In the hinterland of that continent enclosed in an island that is Sardinia, in Barbagia, there is a small village of about 2500 inhabitants that enjoys 400 hectares of land (divided between 200 different families) in which the Cannonau grape has found the best possible habitat. In this area, in fact, the vineyards grow even at 1000 meters high, with an average altitude of over 700, and the vine, raised as a low sapling, has found a microclimate so favorable to be able to stay healthy for many years (a third of the plants has more than 50).
In these lands, in the ’70s, Giuseppe Sedilesu began to produce bulk wine, marketed in neighboring countries, from a hectare of land led to sharecropping. The success of those wines led him to buy, with many sacrifices, five hectares, the first real nucleus of the homonymous Giuseppe Sedilesu winery, and to bottle in 2000 the first thousand bottles of Cannonau Mamuthone, already then one of his most famous wines.

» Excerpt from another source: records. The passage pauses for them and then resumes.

(* Let $0<|p|<1$, fix $\eta\in\mathbb C$ with $q=e^{2\pi\mathrm i\eta}$ and write $q^s=e^{2\pi\mathrm i\eta s}$ for $s\in\mathbb C$. Fix $u\in\mathbb C^\ast$ and a square root $\sqrt u$, and set $\sqrt{uq}=q^{1/2}\sqrt u$. For heights $a,c\in\mathbb C$ with $c-a\in\{\pm1\}$ let $\phi(a,c|u)$ be the function of $x\in\mathbb C^\ast$ $$\phi(a,c|u)(x)=\frac{\theta(q^{a(c-a)/2}\sqrt u\,x;p)\,\theta(q^{a(c-a)/2}\sqrt u/x;p)}{q^{a(c-a)/2}\sqrt u},$$ and define $\phi(a,c|uq)$ in the same way with $\sqrt u$ replaced by $\sqrt{uq}$. Then for all heights $a,b,d$ with $b-a\in\{\pm1\}$ and $d-b\in\{\pm1\}$, and generic $a,u$, $$\phi(b,d|u)=\sum_{c}W\bigg(\begin{matrix}a&b\\c&d\end{matrix}\,\bigg|\,u\bigg)\,\phi(a,c|uq),$$ where the sum is over $c$ with $c-a\in\{\pm1\}$ and $d-c\in\{\pm1\}$, and $W\Big(\begin{smallmatrix}a&b\\c&d\end{smallmatrix}\Big|u\Big)=R^{c-a,\,d-c}_{d-b,\,b-a}(a|u)$.
   Context: $\theta(x;p)=\prod_{k=0}^\infty(1-xp^k)(1-p^{k+1}/x)$ for $x\neq0$. The elliptic SOS weights $R^{mn}_{kl}(\lambda|u)$, for $k,l,m,n\in\{\pm1\}$ with $k+l=m+n$ ($+$ meaning $+1$, $-$ meaning $-1$), are: $R^{++}_{++}=R^{--}_{--}=1$; $R^{+-}_{+-}(\lambda|u)=\frac{\theta(q^{1-\lambda};p)\theta(u;p)}{\theta(q^{-\lambda};p)\theta(uq;p)}$; $R^{-+}_{-+}(\lambda|u)=\frac{\theta(q^{\lambda+1};p)\theta(u;p)}{\theta(q^{\lambda};p)\theta(uq;p)}$; $R^{+-}_{-+}(\lambda|u)=\frac{\theta(q;p)\theta(q^{-\lambda}u;p)}{\theta(q^{-\lambda};p)\theta(uq;p)}$; $R^{-+}_{+-}(\lambda|u)=\frac{\theta(q;p)\theta(q^{\lambda}u;p)}{\theta(q^{\lambda};p)\theta(uq;p)}$. *)

theory Defs
  imports "HOL-Analysis.Analysis"
begin

definition theta :: "complex \<Rightarrow> complex \<Rightarrow> complex" where
  "theta x p = (\<Prod>k. (1 - x * p ^ k) * (1 - p ^ (k + 1) / x))"

definition qpow :: "complex \<Rightarrow> complex \<Rightarrow> complex" where
  "qpow \<eta> s = exp (2 * pi * \<i> * \<eta> * s)"

text \<open>Elliptic SOS weights R^{mn}_{kl}(lambda|u), signs m n k l in {1,-1}
  (given as complex numbers); weights with m+n \<noteq> k+l are 0.\<close>
definition R_SOS :: "complex \<Rightarrow> complex \<Rightarrow> complex \<Rightarrow> complex \<Rightarrow> complex \<Rightarrow> complex
   \<Rightarrow> complex \<Rightarrow> complex \<Rightarrow> complex" where
  "R_SOS \<eta> p m n k l lam u =
    (let q = qpow \<eta> 1 in
     if m = 1 \<and> n = 1 \<and> k = 1 \<and> l = 1 then 1
     else if m = -1 \<and> n = -1 \<and> k = -1 \<and> l = -1 then 1
     else if m = 1 \<and> n = -1 \<and> k = 1 \<and> l = -1 then
       theta (qpow \<eta> (1 - lam)) p * theta u p / (theta (qpow \<eta> (-lam)) p * theta (u * q) p)
     else if m = -1 \<and> n = 1 \<and> k = -1 \<and> l = 1 then
       theta (qpow \<eta> (lam + 1)) p * theta u p / (theta (qpow \<eta> lam) p * theta (u * q) p)
     else if m = 1 \<and> n = -1 \<and> k = -1 \<and> l = 1 then
       theta q p * theta (qpow \<eta> (-lam) * u) p / (theta (qpow \<eta> (-lam)) p * theta (u * q) p)
     else if m = -1 \<and> n = 1 \<and> k = 1 \<and> l = -1 then
       theta q p * theta (qpow \<eta> lam * u) p / (theta (qpow \<eta> lam) p * theta (u * q) p)
     else 0)"

definition W_SOS :: "complex \<Rightarrow> complex \<Rightarrow> complex \<Rightarrow> complex \<Rightarrow> complex \<Rightarrow> complex
   \<Rightarrow> complex \<Rightarrow> complex" where
  "W_SOS \<eta> p a b c d u = R_SOS \<eta> p (c - a) (d - c) (d - b) (b - a) a u"

text \<open>phi(a,c|u)(x), where s is the chosen square root of u.\<close>
definition phi :: "complex \<Rightarrow> complex \<Rightarrow> complex \<Rightarrow> complex \<Rightarrow> complex \<Rightarrow> complex \<Rightarrow> complex" where
  "phi \<eta> p s a c x =
    (let t = qpow \<eta> (a * (c - a) / 2) * s in theta (t * x) p * theta (t / x) p / t)"

end

theory Submission
  imports Defs "HOL-Complex_Analysis.Complex_Analysis"
begin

Today the property has become 15 hectares, the new winery was inaugurated (in 2009), the production has exceeded 100,000 bottles, and the fate of the winery are decided by Salvatore Sedilesu, the son of Joseph, with his brothers Francesco and Antoinetta, and their families.
In the vineyard is practiced a sustainable viticulture, favored by the climatic conditions of the property vineyards (to 650 meters of altitude) which has been mentioned before, joined to a job in vineyard of traditional/ manual type with the occasional use of oxen-drawn agricultural instruments. Even in the cellar there is the same approach: the fermentations take place spontaneously, with indigenous yeasts, no filtration is done and the wines age in inert environments such as cement tanks or large exhausted oak barrels.

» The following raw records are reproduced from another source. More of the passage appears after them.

(* Consider problem (P): $\min_{{\bf x}\in\mathbb{R}^n} f({\bf x})+\lambda\|(A{\bf x}+{\bf b})_+\|_0$. For ${\bf x}^*\in\mathbb{R}^n$ let $\Gamma_*:=\{i: A_i{\bf x}^*+b_i=0\}$. (i) If ${\bf x}^*$ is a local minimizer of (P) and $A_{\Gamma_*}$ has full row rank, then $$-\nabla f({\bf x}^* )\in A^\top\,\partial\|(A{\bf x}^*+{\bf b})_+\|_0 .\qquad (\ast)$$ (ii) If ${\bf x}^*$ satisfies $(\ast)$ and $f$ is convex on some neighbourhood of ${\bf x}^*$, then ${\bf x}^*$ is a local minimizer of (P).
   Context: Standing setting: $f:\mathbb{R}^n\to\mathbb{R}$ is twice continuously differentiable, $\lambda>0$, $A\in\mathbb{R}^{m\times n}$ with rows $A_1,\dots,A_m$, ${\bf b}\in\mathbb{R}^m$. For ${\bf z}\in\mathbb{R}^m$, ${\bf z}_+$ is the componentwise positive part $\max\{z_i,0\}$ and $\|{\bf z}\|_0$ the number of nonzero entries. For $\Gamma\subseteq\{1,\dots,m\}$, $A_\Gamma$ is the submatrix of rows indexed by $\Gamma$. $\partial\|{\bf y}_+\|_0$ is the limiting subdifferential of ${\bf y}\mapsto\|{\bf y}_+\|_0$ at ${\bf y}$, which equals $\{{\bf v}\in\mathbb{R}^m: v_i\ge 0 \text{ if } y_i=0,\ v_i=0 \text{ if } y_i\neq0\}$. *)

theory Defs
  imports "HOL-Analysis.Analysis"
begin

definition gradient :: "(real^'n \<Rightarrow> real) \<Rightarrow> real^'n \<Rightarrow> real^'n" where
  "gradient f x = (THE g. (f has_derivative (\<lambda>h. g \<bullet> h)) (at x))"

definition twice_cont_diff :: "(real^'n \<Rightarrow> real) \<Rightarrow> bool" where
  "twice_cont_diff f \<longleftrightarrow> (\<forall>x. f differentiable (at x)) \<and>
     (\<exists>H :: real^'n \<Rightarrow> ((real^'n) \<Rightarrow>\<^sub>L (real^'n)).
        (\<forall>x. (gradient f has_derivative blinfun_apply (H x)) (at x)) \<and> continuous_on UNIV H)"

definition pos_part :: "real^'m \<Rightarrow> real^'m" where
  "pos_part z = (\<chi> i. max (z $ i) 0)"

definition l0norm :: "real^'m \<Rightarrow> nat" where
  "l0norm z = card {i. z $ i \<noteq> 0}"

definition objP :: "(real^'n \<Rightarrow> real) \<Rightarrow> real \<Rightarrow> real^'n^'m \<Rightarrow> real^'m \<Rightarrow> real^'n \<Rightarrow> real" where
  "objP f lam A b x = f x + lam * real (l0norm (pos_part (A *v x + b)))"

definition local_minimizer :: "(real^'n \<Rightarrow> real) \<Rightarrow> real^'n \<Rightarrow> bool" where
  "local_minimizer F x \<longleftrightarrow> (\<exists>e>0. \<forall>y. dist y x < e \<longrightarrow> F x \<le> F y)"

text \<open>Limiting subdifferential of y \<mapsto> ||y_+||_0 at y, in the explicit form given in the paper.\<close>
definition subdiff_l0pos :: "real^'m \<Rightarrow> (real^'m) set" where
  "subdiff_l0pos y = {v. \<forall>i. (y $ i = 0 \<longrightarrow> v $ i \<ge> 0) \<and> (y $ i \<noteq> 0 \<longrightarrow> v $ i = 0)}"

definition active_set :: "real^'n^'m \<Rightarrow> real^'m \<Rightarrow> real^'n \<Rightarrow> 'm set" where
  "active_set A b x = {i. A $ i \<bullet> x + b $ i = 0}"

definition full_row_rank :: "real^'n^'m \<Rightarrow> 'm set \<Rightarrow> bool" where
  "full_row_rank A \<Gamma> \<longleftrightarrow> inj_on (\<lambda>i. A $ i) \<Gamma> \<and> independent ((\<lambda>i. A $ i) ` \<Gamma>)"

end

theory Submission
  imports Defs
begin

Despite the winery is famous for its cannonau, it is worth remembering that in some vineyards there are plants between 50 and 100 years of age of a white grape variety, almost completely forgotten, which is known by the name of Granazza. From this vine comes the homonymous Granazza wine which, after the vinification carried out in cement tanks, as I wrote before, ages for about 9 months always in cement and, therefore, is bottled without filtration.

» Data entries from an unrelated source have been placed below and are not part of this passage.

(* Let $\mathbb{X}$ be a finite-dimensional real polyhedral Banach space. If a bijective operator $T\in\mathbb{L}(\mathbb{X})$ preserves parallel pairs (or TEA pairs), then $T$ maps each non-zero non-smooth point of $\mathbb{X}$ to a non-smooth point of $\mathbb{X}$.
   Context: A finite-dimensional Banach space is polyhedral if its unit ball has finitely many extreme points. For non-zero $x$, $J(x)=\{f\in S_{\mathbb{X}^*}: f(x)=\|x\|\}$; $x$ is smooth if $J(x)$ is a singleton. $(x,y)$ is a parallel pair if $\|x+\lambda y\|=\|x\|+\|y\|$ for some $\lambda$ with $|\lambda|=1$; a TEA pair if $\|x+y\|=\|x\|+\|y\|$. $T$ preserves parallel (resp. TEA) pairs if $(x,y)$ parallel (resp. TEA) implies $(Tx,Ty)$ parallel (resp. TEA). *)

theory Defs
  imports "HOL-Analysis.Analysis"
begin

definition fin_dim_space :: "'a::real_normed_vector itself \<Rightarrow> bool" where
  "fin_dim_space _ \<longleftrightarrow> (\<exists>B::'a set. finite B \<and> span B = UNIV)"

definition polyhedral_space :: "'a::real_normed_vector itself \<Rightarrow> bool" where
  "polyhedral_space _ \<longleftrightarrow> finite {x::'a. x extreme_point_of (cball 0 1)}"
(* Let $T,B_1,B_3>0$, $\varepsilon,\varepsilon_1,\varepsilon_2>0$. The functions $K_1,K_2:Y\times\mathbb{R}\times X_{B_1}\to\mathbb{R}$, $$K_1(\tilde\theta,s,\gamma)=\int_{(0,T)^2}\chi_{\{0<t_2-t_1<\varepsilon_1\}}\big|(A_\varepsilon\tilde\theta)_{t_1}(\gamma_{t_1})-(A_\varepsilon\tilde\theta)_{t_2}(\gamma_{t_2})\big|\chi_{\{(A_\varepsilon\tilde\theta)_{t_1}(\gamma_{t_1})>\Theta(s,\gamma_{t_1},t_1)+\varepsilon_2\}}\,dt_1dt_2,$$ $$K_2(\tilde\theta,s,\gamma)=\int_{(0,T)^2}\chi_{\{0<t_2-t_1<\varepsilon_1\}}(\gamma_{t_2}-\gamma_{t_1})^+\chi_{\{(A_\varepsilon\tilde\theta)_{t_1}(\gamma_{t_1})>\Theta(s,\gamma_{t_1},t_1)+\varepsilon_2\}}\,dt_1dt_2,$$ are lower semi-continuous.
   Context: $Q^{sat}:\mathbb{R}^3\to\mathbb{R}$ is smooth with $\partial_\theta Q^{sat}>0$, $\partial_zQ^{sat}<0$; $\Theta(w,z,t)$ is the solution $\theta$ of $\theta+Q^{sat}(\theta,z,t)=w$ (assumed well defined), smooth. $X_{B_1}$: left-continuous $\gamma:(0,T)\to[0,1]$ with total variation $\le B_1$, metric $\|\cdot\|_{L^2(0,T)}$; $\gamma_t=\gamma(t)$. $Y_{B_3}$: nondecreasing $\theta:[0,1]\to\mathbb{R}$, right-continuous on $[0,1)$, $|\theta|\le B_3$, metric $L^2(0,1)$. $Y=C([0,T);Y_{B_3})$ with sup-in-time metric. $(A_\varepsilon\tilde\theta)_t(z)=\varepsilon^{-1}\int_z^{z+\varepsilon}\tilde\theta_t(w)\,dw$, with $\tilde\theta_t(w)=B_3$ for $w\ge1$. *)

theory Defs
  imports "HOL-Analysis.Analysis"
begin
lemma bdiag_minus:
  "(\<And>i. i < N \<Longrightarrow> A i \<in> carrier_mat (r i) (c i)) \<Longrightarrow>
   (\<And>i. i < N \<Longrightarrow> B i \<in> carrier_mat (r i) (c i)) \<Longrightarrow>
   bdiag N A - bdiag N (B :: nat \<Rightarrow> 'a::ab_group_add mat) = bdiag N (\<lambda>i. A i - B i)"
proof (induction N arbitrary: A B r c)
  case 0
  then show ?case by (auto intro: eq_matI)
next
  case (Suc N)
  let ?A = "bdiag N (\<lambda>i. A (Suc i))" and ?B = "bdiag N (\<lambda>i. B (Suc i))"
  have IH: "?A - ?B = bdiag N (\<lambda>i. A (Suc i) - B (Suc i))"
    using Suc by (intro Suc.IH[of _ "\<lambda>i. r (Suc i)" "\<lambda>i. c (Suc i)"]) auto
  have A: "?A \<in> carrier_mat (\<Sum>i<N. r (Suc i)) (\<Sum>i<N. c (Suc i))"
    and B: "?B \<in> carrier_mat (\<Sum>i<N. r (Suc i)) (\<Sum>i<N. c (Suc i))"
    using Suc.prems by (auto intro!: bdiag_carrier_mat)
  have A0: "A 0 \<in> carrier_mat (r 0) (c 0)" and B0: "B 0 \<in> carrier_mat (r 0) (c 0)"
    using Suc.prems by auto
  show ?case
    unfolding bdiag_Suc Let_def by (rule eq_matI) (use A0 B0 A B IH[symmetric] in auto)
qed

lemma one_minus_bdiag_mult:
  fixes G K :: "nat \<Rightarrow> 'a::comm_ring_1 mat"
  assumes "\<And>i. i < N \<Longrightarrow> G i \<in> carrier_mat (r i) (c i)"
    and "\<And>i. i < N \<Longrightarrow> K i \<in> carrier_mat (c i) (r i)"
  shows "1\<^sub>m (\<Sum>i<N. r i) - bdiag N G * bdiag N K = bdiag N (\<lambda>i. 1\<^sub>m (r i) - G i * K i)"
proof -
  have "bdiag N G * bdiag N K = bdiag N (\<lambda>i. G i * K i)"
    using assms by (rule bdiag_mult)
  then show ?thesis
    unfolding bdiag_one[symmetric] by (auto intro!: bdiag_minus[of N _ r r] mult_carrier_mat assms)
qed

The 2015 vintage has an intense straw yellow color, with an olfactory range that opens on notes of dried apricot, yellow peach, wild shrubs and green tea, followed by bitter orange jam, dandelion, Mediterranean scrub and humus, with a concluding echo of damp pebbles. The mouthfeel is characterized by an immediate richness and softness, enriched by the sapid-mineral component and the good acidity to balance the sip, all while retro-olfactory return the yellow fruit, the bitter orange and the humus that accompany the sip until a good length closure.